Restate is designed to be extremely simple to get started with by delivering all the functionality in a single binary with minimal upfront configuration needs. In particular, when starting out by running Restate on a single node, you don't need to understand its internal architecture in a great level of detail.

As you begin to plan for more complex deployment scenarios, you will benefit from having a deeper understanding of the various components and how they fit together to support scalable and resilient clusters. The goal of this section is to introduce the terminology we use throughout the server documentation and inform the choices involved in configuring Restate clusters.

Overview

Restate is implemented with a three-layered architecture: a control plane, distributed log, and processors.

Restate Node internal architecture

Control plane

This component stores all metadata about deployments (what services exist behind which endpoint addresses / URLs / ARNs) and is responsible for assigning the leaders to log partitions and processors.

Distributed Log a.k.a Bifrost

Restate uses a distributed log, called Bifrost, to durably record all events in the system before acting on them, similar to the function of a write-ahead log (WAL) in a database system. The design of Bifrost is based on the idea of a virtual consensus, as described in the Delos paper. The consensus algorithm powering Bifrost is based on Flexible Paxos.

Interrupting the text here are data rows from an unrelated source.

definition C_set :: "'a topology \<Rightarrow> 'a set \<Rightarrow> bool" where
  "C_set X A \<longleftrightarrow>
     (\<exists>\<U>. (\<forall>U\<in>\<U>. closedin X U \<and> openin X U) \<and> A = topspace X \<inter> \<Inter>\<U>)"

definition almost_zero_dimensional :: "'a topology \<Rightarrow> bool" where
  "almost_zero_dimensional X \<longleftrightarrow>
     (\<forall>x\<in>topspace X. \<forall>U. openin X U \<and> x \<in> U \<longrightarrow>
        (\<exists>V. C_set X V \<and> x \<in> X interior_of V \<and> V \<subseteq> U))"

definition sigma_connected :: "'a topology \<Rightarrow> bool" where
  "sigma_connected X \<longleftrightarrow> connected_space X \<and>
     \<not> (\<exists>F :: nat \<Rightarrow> 'a set.
          (\<forall>n. closedin X (F n) \<and> F n \<noteq> {}) \<and>
          (\<forall>m n. m \<noteq> n \<longrightarrow> F m \<inter> F n = {}) \<and>
          (\<Union>n. F n) = topspace X)"

end

theory Submission
  imports Defs
begin

(*
  Every point y of U has a neighbourhood (in U) that is a C-set of U; by regularity of X it can
  be chosen closed in X, and since U is second countable it is the intersection of countably
  many clopen subsets of U.  Countably many such sets V_n cover U (Lindelof).  A set closed in X
  and contained in U, intersected with or cut by a clopen subset of U, stays closed in X; hence
  each V_n minus the earlier V_m, and therefore U itself, splits into countably many pairwise
  disjoint closed subsets of X.  Together with the closed set X - U this is a countable closed
  partition of X with at least two nonempty members.  If infinitely many members are nonempty,
  X is not sigma-connected by definition; otherwise some nonempty proper member is clopen and X
  is not connected.
*)

lemma separable_metrizable_imp_second_countable:
  assumes "separable_space X" "metrizable_space X"
  shows "second_countable X"
proof -
  obtain M d where md: "Metric_space M d" "X = Metric_space.mtopology M d"
    using assms(2) unfolding metrizable_space_def by blast
  interpret Metric_space M d by (rule md(1))
  obtain C where C: "countable C" "mtopology closure_of C = M"
    using assms(1) unfolding separable_space_def md(2) by auto
  define \<B> where "\<B> = (\<lambda>(c, n). mball c (inverse (Suc n))) ` (C \<times> UNIV)"
  have "\<exists>B\<in>\<B>. x \<in> B \<and> B \<subseteq> W" if W: "openin mtopology W" "x \<in> W" for W x
  proof -
    obtain r where r: "r > 0" "mball x r \<subseteq> W" and x: "x \<in> M"
      using W openin_mtopology by (metis subsetD)
    obtain n where n: "inverse (Suc n) < r / 2"
      using reals_Archimedean[of "r / 2"] r by auto
    have "x \<in> mtopology closure_of C"
      using x C(2) by simp
    then obtain c where c: "c \<in> C" "c \<in> mball x (inverse (Suc n))"
      unfolding metric_closure_of using of_nat_0_less_iff positive_imp_inverse_positive
      by blast
    have "mball c (inverse (Suc n)) \<subseteq> mball x r"
      using c n triangle[of x c] by fastforce
    moreover have "x \<in> mball c (inverse (Suc n))"
      using c by (simp add: commute)
    moreover have "mball c (inverse (Suc n)) \<in> \<B>"
      unfolding \<B>_def using c by force
    ultimately show ?thesis using r by blast
  qed
  moreover have "countable \<B>" "\<forall>B\<in>\<B>. openin mtopology B"
    unfolding \<B>_def using C(1) by auto
  ultimately show ?thesis
    unfolding second_countable_def md(2) by blast
qed
(* The set $\{\operatorname{is}(X): X\in\mathfrak U\}$ is dense in the space of isometry types of compact ultrametric spaces endowed with the Gromov–Hausdorff metric $d_{GH}$.
   Context: $\operatorname{Sp}(X)=\{d(x,y):x\neq y\}$; $\mathfrak U$ is the class of finite ultrametric spaces $X$ with $|\operatorname{Sp}(X)|=|X|-1$. $\operatorname{is}(X)$ denotes the isometry type (class of all metric spaces isometric to $X$). For bounded metric spaces $X,Y$ and $\varepsilon>0$, $d_{GH}(\operatorname{is}(X),\operatorname{is}(Y))<\varepsilon$ iff there is a metric space $(Z,d_Z)$ with subspaces $X',Y'$ isometric to $X,Y$ such that $X'\subseteq\bigcup_{y\in Y'}O_\varepsilon(y)$ and $Y'\subseteq\bigcup_{x\in X'}O_\varepsilon(x)$, where $O_\varepsilon(t)=\{z\in Z:d_Z(t,z)<\varepsilon\}$; $d_{GH}$ is a metric on isometry types of compact metric spaces. *)

theory Defs
  imports "HOL-Analysis.Analysis"
begin

definition ultrametric_space :: "'a set \<Rightarrow> ('a \<Rightarrow> 'a \<Rightarrow> real) \<Rightarrow> bool" where
  "ultrametric_space M d \<longleftrightarrow> Metric_space M d \<and>
     (\<forall>x\<in>M. \<forall>y\<in>M. \<forall>z\<in>M. d x z \<le> max (d x y) (d y z))"

definition Sp :: "'a set \<Rightarrow> ('a \<Rightarrow> 'a \<Rightarrow> real) \<Rightarrow> real set" where
  "Sp M d = {d x y | x y. x \<in> M \<and> y \<in> M \<and> x \<noteq> y}"

definition in_U :: "'a set \<Rightarrow> ('a \<Rightarrow> 'a \<Rightarrow> real) \<Rightarrow> bool" where
  "in_U M d \<longleftrightarrow> ultrametric_space M d \<and> finite M \<and> M \<noteq> {} \<and> card (Sp M d) + 1 = card M"

definition isometric_spaces ::
  "'a set \<Rightarrow> ('a \<Rightarrow> 'a \<Rightarrow> real) \<Rightarrow> 'b set \<Rightarrow> ('b \<Rightarrow> 'b \<Rightarrow> real) \<Rightarrow> bool" where
  "isometric_spaces M d M' d' \<longleftrightarrow>
     (\<exists>f. bij_betw f M M' \<and> (\<forall>x\<in>M. \<forall>y\<in>M. d' (f x) (f y) = d x y))"

text \<open>d_GH(is X, is Y) < eps, via the characterization in the paper; the ambient
  space Z is taken on the type 'a + 'b (big enough to contain any X' \<union> Y').\<close>
definition GH_less ::
  "'a set \<Rightarrow> ('a \<Rightarrow> 'a \<Rightarrow> real) \<Rightarrow> 'b set \<Rightarrow> ('b \<Rightarrow> 'b \<Rightarrow> real) \<Rightarrow> real \<Rightarrow> bool" where
  "GH_less X dX Y dY eps \<longleftrightarrow>
     (\<exists>(Z :: ('a + 'b) set) dZ X' Y'. Metric_space Z dZ \<and> X' \<subseteq> Z \<and> Y' \<subseteq> Z \<and>
        isometric_spaces X dX X' dZ \<and> isometric_spaces Y dY Y' dZ \<and>
        (\<forall>x\<in>X'. \<exists>y\<in>Y'. dZ y x < eps) \<and> (\<forall>y\<in>Y'. \<exists>x\<in>X'. dZ x y < eps))"

end

theory Submission
  imports Defs
begin

text \<open>
  A compact ultrametric space Y is within eps/2 of a finite subspace K (an eps/2-net).
  Adding the points of K one at a time, each new point x can be re-attached to its
  nearest earlier point q at a distance taken from [d x q, d x q + eps/2] that is not yet
  a distance of the space; by the ultrametric inequality this defines an ultrametric whose
  distance set grows by exactly one value. The result lies in the class U and moves every
  distance by at most eps/2, and gluing it to Y along K with an extra eps/2 between the
  two copies witnesses a Gromov-Hausdorff distance below eps.
\<close>

lemma ultrametric_imp_Metric_space: "ultrametric_space M d \<Longrightarrow> Metric_space M d"
  unfolding ultrametric_space_def by blast
(* Let $p>2$, $M>1$, $s_0>M$, $\ell\in\left(p,\min\left\{\frac{(p-1)^2+p-2}{p-2},p^*\right\}\right)$, and for $q\ge p+1$ let $\mathcal N_q$ be as in the context. There exists $\sigma>0$ such that $$\inf_{q\ge p+1}\ \inf_{u\in\mathcal N_q}\|u\|_{L^\infty(B)}\ge\sigma.$$
   Context: $B$ is the open unit ball of $\mathbb R^N$; $p^*=Np/(N-p)$ if $p<N$, $+\infty$ otherwise. $\mathcal C:=\{u\in W^{1,p}_{\mathrm{rad}}(B): u\ge0,\ u(r)\le u(s)\ \text{for }0<r\le s\le1\}$ (radial functions as functions of $r=|x|$). For $q\ge p+1$: $\tilde f_q(s)=s^{q-1}$ on $[0,s_0]$, $\tilde f_q(s)=s_0^{q-1}+\frac{q-1}{\ell-1}s_0^{q-\ell}(s^{\ell-1}-s_0^{\ell-1})$ for $s>s_0$, $\tilde f_q=0$ on $(-\infty,0)$; $\mathcal N_q:=\{u\in\mathcal C\setminus\{0\}: \int_B(|\nabla u|^p+|u|^p)dx=\int_B\tilde f_q(u)u\,dx\}$. *)

theory Defs
  imports "HOL-Analysis.Analysis" "HOL-Probability.Essential_Supremum"
begin

text \<open>Unit ball of the Euclidean space 'a, N = DIM('a).\<close>
abbreviation unit_ball :: "'a::euclidean_space set" where
  "unit_ball \<equiv> ball 0 1"

definition sobolev_crit :: "nat \<Rightarrow> real \<Rightarrow> ereal" where
  "sobolev_crit N p = (if p < real N then ereal (real N * p / (real N - p)) else \<infinity>)"

definition test_fun :: "'a::euclidean_space set \<Rightarrow> ('a \<Rightarrow> real) \<Rightarrow> ('a \<Rightarrow> 'a) \<Rightarrow> bool" where
  "test_fun U \<phi> d\<phi> \<longleftrightarrow>
     (\<forall>x. (\<phi> has_derivative (\<lambda>h. d\<phi> x \<bullet> h)) (at x)) \<and> continuous_on UNIV d\<phi> \<and>
     compact (closure {x. \<phi> x \<noteq> 0}) \<and> closure {x. \<phi> x \<noteq> 0} \<subseteq> U"

definition weak_gradient :: "'a::euclidean_space set \<Rightarrow> ('a \<Rightarrow> real) \<Rightarrow> ('a \<Rightarrow> 'a) \<Rightarrow> bool" where
  "weak_gradient U u g \<longleftrightarrow>
     (\<forall>\<phi> d\<phi>. test_fun U \<phi> d\<phi> \<longrightarrow>
        (LINT x:U|lebesgue. u x *\<^sub>R d\<phi> x) = - (LINT x:U|lebesgue. \<phi> x *\<^sub>R g x))"

definition in_Lp :: "real \<Rightarrow> 'a::euclidean_space set \<Rightarrow> ('a \<Rightarrow> 'b::euclidean_space) \<Rightarrow> bool" where
  "in_Lp p U u \<longleftrightarrow> u \<in> borel_measurable (lebesgue_on U) \<and>
                     set_integrable lebesgue U (\<lambda>x. norm (u x) powr p)"

definition sobolev_grad :: "real \<Rightarrow> 'a::euclidean_space set \<Rightarrow> ('a \<Rightarrow> real) \<Rightarrow> ('a \<Rightarrow> 'a) \<Rightarrow> bool" where
  "sobolev_grad p U u g \<longleftrightarrow> in_Lp p U u \<and> in_Lp p U g \<and> weak_gradient U u g"

text \<open>The cone C: nonnegative radial W^{1,p}(B) functions, nondecreasing in r = |x|
  (stated for a pointwise representative).\<close>
definition cone_C :: "real \<Rightarrow> ('a::euclidean_space \<Rightarrow> real) set" where
  "cone_C p = {u. (\<exists>g. sobolev_grad p unit_ball u g) \<and>
      (\<forall>x\<in>unit_ball. \<forall>y\<in>unit_ball. norm x = norm y \<longrightarrow> u x = u y) \<and>
      (\<forall>x\<in>unit_ball. u x \<ge> 0) \<and>
      (\<forall>x\<in>unit_ball. \<forall>y\<in>unit_ball. 0 < norm x \<and> norm x \<le> norm y \<longrightarrow> u x \<le> u y)}"

definition f_tilde :: "real \<Rightarrow> real \<Rightarrow> real \<Rightarrow> real \<Rightarrow> real" where
  "f_tilde s0 l q s =
     (if s < 0 then 0
      else if s \<le> s0 then s powr (q - 1)
      else s0 powr (q - 1) + (q - 1) / (l - 1) * s0 powr (q - l) * (s powr (l - 1) - s0 powr (l - 1)))"

text \<open>Nehari-type set N_q (u nonzero as an element of W^{1,p}, i.e. not a.e. zero;
  the gradient in the Nehari identity is the weak gradient).\<close>
definition nehari :: "real \<Rightarrow> real \<Rightarrow> real \<Rightarrow> real \<Rightarrow> ('a::euclidean_space \<Rightarrow> real) set" where
  "nehari p s0 l q = {u \<in> cone_C p. \<not> (AE x in lebesgue_on unit_ball. u x = 0) \<and>
      (\<exists>g. sobolev_grad p unit_ball u g \<and>
        (LINT x:unit_ball|lebesgue. norm (g x) powr p + \<bar>u x\<bar> powr p)
          = (LINT x:unit_ball|lebesgue. f_tilde s0 l q (u x) * u x))}"

definition Linf_norm :: "('a::euclidean_space \<Rightarrow> real) \<Rightarrow> ereal" where
  "Linf_norm u = esssup (lebesgue_on unit_ball) (\<lambda>x. ereal \<bar>u x\<bar>)"

end

theory Submission
  imports Defs
begin

text \<open>Below the threshold \<open>s0\<close> the Nehari identity reads
  \<open>\<integral>|\<nabla>u|\<^sup>p + |u|\<^sup>p = \<integral>u\<^sup>q\<close>. If \<open>0 \<le> u \<le> m < 1 \<le> s0\<close> almost everywhere, then
  \<open>u\<^sup>q \<le> m\<^sup>q\<^sup>-\<^sup>p u\<^sup>p\<close>, so \<open>\<integral>|u|\<^sup>p \<le> m\<^sup>q\<^sup>-\<^sup>p \<integral>|u|\<^sup>p\<close> and \<open>u = 0\<close> a.e., contradicting
  \<open>u \<in> N\<^sub>q\<close>. Hence every element of every \<open>N\<^sub>q\<close> has \<open>L\<^sup>\<infinity>\<close> norm at least \<open>\<sigma> = 1\<close>.\<close>

lemma f_tilde_mult_eq_powr:
  assumes "0 \<le> s" "s \<le> s0"
  shows "f_tilde s0 l q s * s = s powr q"
proof -
  have "f_tilde s0 l q s * s = s powr (q - 1) * s powr 1"
    using assms by (simp add: f_tilde_def)
  also have "\<dots> = s powr (q - 1 + 1)"
    by (rule powr_add[symmetric])
  also have "\<dots> = s powr q"
    by simp
  finally show ?thesis .
qed

lemma powr_le_mult_powr:
  fixes s m p q :: real
  assumes "0 \<le> s" "s \<le> m" "p \<le> q"
  shows "s powr q \<le> m powr (q - p) * s powr p"
proof -
  have "s powr q = s powr (q - p) * s powr p"
    by (simp add: powr_add[symmetric])
  also have "\<dots> \<le> m powr (q - p) * s powr p"
    using assms by (intro mult_right_mono powr_mono2) auto
  finally show ?thesis .
qed

lemma Linf_norm_lessE:
  fixes u :: "'a::euclidean_space \<Rightarrow> real"
  assumes "Linf_norm u < ereal c" "0 < c" "\<forall>x\<in>unit_ball. 0 \<le> u x"
  obtains m where "0 \<le> m" "m < c" "AE x in lebesgue_on unit_ball. 0 \<le> u x \<and> u x \<le> m"
proof
  define m where "m = max 0 (real_of_ereal (Linf_norm u))"
  show "0 \<le> m" unfolding m_def by simp
  show "m < c" using assms(1,2) unfolding m_def by (cases "Linf_norm u") auto
  have "AE x in lebesgue_on unit_ball. ereal \<bar>u x\<bar> \<le> Linf_norm u"
    unfolding Linf_norm_def by (rule esssup_AE)
  moreover have "AE x in lebesgue_on unit_ball. x \<in> (unit_ball :: 'a set)"
    by (rule AE_I2) (simp add: space_restrict_space)
  ultimately show "AE x in lebesgue_on unit_ball. 0 \<le> u x \<and> u x \<le> m"
  proof eventually_elim
    case (elim x)
    then show ?case using assms(1,3) unfolding m_def by (cases "Linf_norm u") auto
  qed
qed

lemma nehari_Lp_le_integral_f_tilde:
  fixes u :: "'a::euclidean_space \<Rightarrow> real"
  assumes "u \<in> nehari p s0 l q"
  shows "integrable (lebesgue_on unit_ball) (\<lambda>x. \<bar>u x\<bar> powr p)"
    and "integral\<^sup>L (lebesgue_on unit_ball) (\<lambda>x. \<bar>u x\<bar> powr p)
           \<le> integral\<^sup>L (lebesgue_on unit_ball) (\<lambda>x. f_tilde s0 l q (u x) * u x)"
proof -
  from assms obtain g where sg: "sobolev_grad p unit_ball u g"
    and eq: "(LINT x:unit_ball|lebesgue. norm (g x) powr p + \<bar>u x\<bar> powr p)
          = (LINT x:unit_ball|lebesgue. f_tilde s0 l q (u x) * u x)"
    unfolding nehari_def by blast
  have gint: "integrable (lebesgue_on unit_ball) (\<lambda>x. norm (g x) powr p)"
    using sg by (simp add: sobolev_grad_def in_Lp_def set_integrable_def integrable_restrict_space)
  show uint: "integrable (lebesgue_on unit_ball) (\<lambda>x. \<bar>u x\<bar> powr p)"
    using sg by (simp add: sobolev_grad_def in_Lp_def set_integrable_def integrable_restrict_space)
  have "integral\<^sup>L (lebesgue_on unit_ball) (\<lambda>x. \<bar>u x\<bar> powr p)
       \<le> integral\<^sup>L (lebesgue_on unit_ball) (\<lambda>x. norm (g x) powr p + \<bar>u x\<bar> powr p)"
    using uint gint by (intro integral_mono) auto
  also have "\<dots> = integral\<^sup>L (lebesgue_on unit_ball) (\<lambda>x. f_tilde s0 l q (u x) * u x)"
    using eq by (simp add: set_lebesgue_integral_def integral_restrict_space)
  finally show "integral\<^sup>L (lebesgue_on unit_ball) (\<lambda>x. \<bar>u x\<bar> powr p)
           \<le> integral\<^sup>L (lebesgue_on unit_ball) (\<lambda>x. f_tilde s0 l q (u x) * u x)" .
qed

lemma nehari_Linf_norm_ge_1:
  fixes u :: "'a::euclidean_space \<Rightarrow> real"
  assumes "1 \<le> s0" "p < q" and u: "u \<in> nehari p s0 l q"
  shows "Linf_norm u \<ge> 1"
proof (rule ccontr)
  define N where "N = lebesgue_on (unit_ball :: 'a set)"
  define I where "I = integral\<^sup>L N (\<lambda>x. \<bar>u x\<bar> powr p)"
  assume "\<not> Linf_norm u \<ge> 1"
  then have "Linf_norm u < ereal 1"
    by (metis not_le one_ereal_def)
  moreover have "\<forall>x\<in>unit_ball. 0 \<le> u x"
    using u unfolding nehari_def cone_C_def by blast
  ultimately obtain m where m: "0 \<le> m" "m < 1" and bound: "AE x in N. 0 \<le> u x \<and> u x \<le> m"
    unfolding N_def by (rule Linf_norm_lessE[OF _ zero_less_one])
  have uint: "integrable N (\<lambda>x. \<bar>u x\<bar> powr p)"
    using nehari_Lp_le_integral_f_tilde(1)[OF u] unfolding N_def .
  have "I \<le> integral\<^sup>L N (\<lambda>x. f_tilde s0 l q (u x) * u x)"
    using nehari_Lp_le_integral_f_tilde(2)[OF u] unfolding N_def I_def .
  also have "\<dots> \<le> integral\<^sup>L N (\<lambda>x. m powr (q - p) * \<bar>u x\<bar> powr p)"
  proof (rule integral_mono_AE')
    show "AE x in N. f_tilde s0 l q (u x) * u x \<le> m powr (q - p) * \<bar>u x\<bar> powr p"
      using bound
    proof eventually_elim
      case (elim x)
      then show ?case
        using m assms(1,2) f_tilde_mult_eq_powr[of "u x" s0] powr_le_mult_powr[of "u x" m p q]
        by simp
    qed
  qed (use uint in auto)
  also have "\<dots> = m powr (q - p) * I"
    unfolding I_def by simp
  finally have "I \<le> m powr (q - p) * I" .
  moreover have "m powr (q - p) < 1"
    using powr_less_mono2[of "q - p" m 1] m assms(2) by simp
  moreover have "0 \<le> I"
    unfolding I_def by simp
  ultimately have "I = 0"
    by (smt (verit) mult_le_cancel_right1)
  then have "AE x in N. \<bar>u x\<bar> powr p = 0"
    using integral_nonneg_eq_0_iff_AE[OF uint] unfolding I_def by simp
  then have "AE x in N. u x = 0"
    by eventually_elim simp
  with u show False
    unfolding nehari_def N_def by blast
qed

theorem lemma5p2:
  fixes p M s0 l :: real
  assumes "p > 2" and "M > 1" and "s0 > M"
    and "l > p"
    and "l < ((p - 1)\<^sup>2 + p - 2) / (p - 2)"
    and "ereal l < sobolev_crit DIM('a::euclidean_space) p"
  shows "\<exists>\<sigma>>0. (INF q\<in>{p + 1..}. INF u\<in>(nehari p s0 l q :: ('a \<Rightarrow> real) set). Linf_norm u) \<ge> ereal \<sigma>"
proof (intro exI conjI INF_greatest)
  show "(0::real) < 1" by simp
  fix q and u :: "'a \<Rightarrow> real"
  assume "q \<in> {p + 1..}" and "u \<in> nehari p s0 l q"
  moreover have "1 \<le> s0" using assms(2,3) by simp
  ultimately have "1 \<le> Linf_norm u"
    by (intro nehari_Linf_norm_ge_1) auto
  then show "ereal 1 \<le> Linf_norm u"
    by (simp add: one_ereal_def)
qed

end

To support scale-out operations, Restate splits the services key-space across multiple partitions, backed by logs. Currently, we map one partition to one log, though this relationship may change in the future. Thus you will see references to both partition ids and log ids, depending on context, so be aware that these are distinct concepts even if they might be the same value.

Each Bifrost log is a chain of append-only segments. The control plane takes care of sealing prior segments and extending this chain. The individual segments are backed by loglets - currently, Bifrost ships with a local loglet suitable for single-node deployments, and a replicated loglet which supports clustered deployments.

Processors

The Processors (also called Partition Processors) receive invocations, process events from the durable log, and interact with the services/functions containing the application/workflow logic. The Processors encapsulate the state machines for durable execution and invocation life-cycles.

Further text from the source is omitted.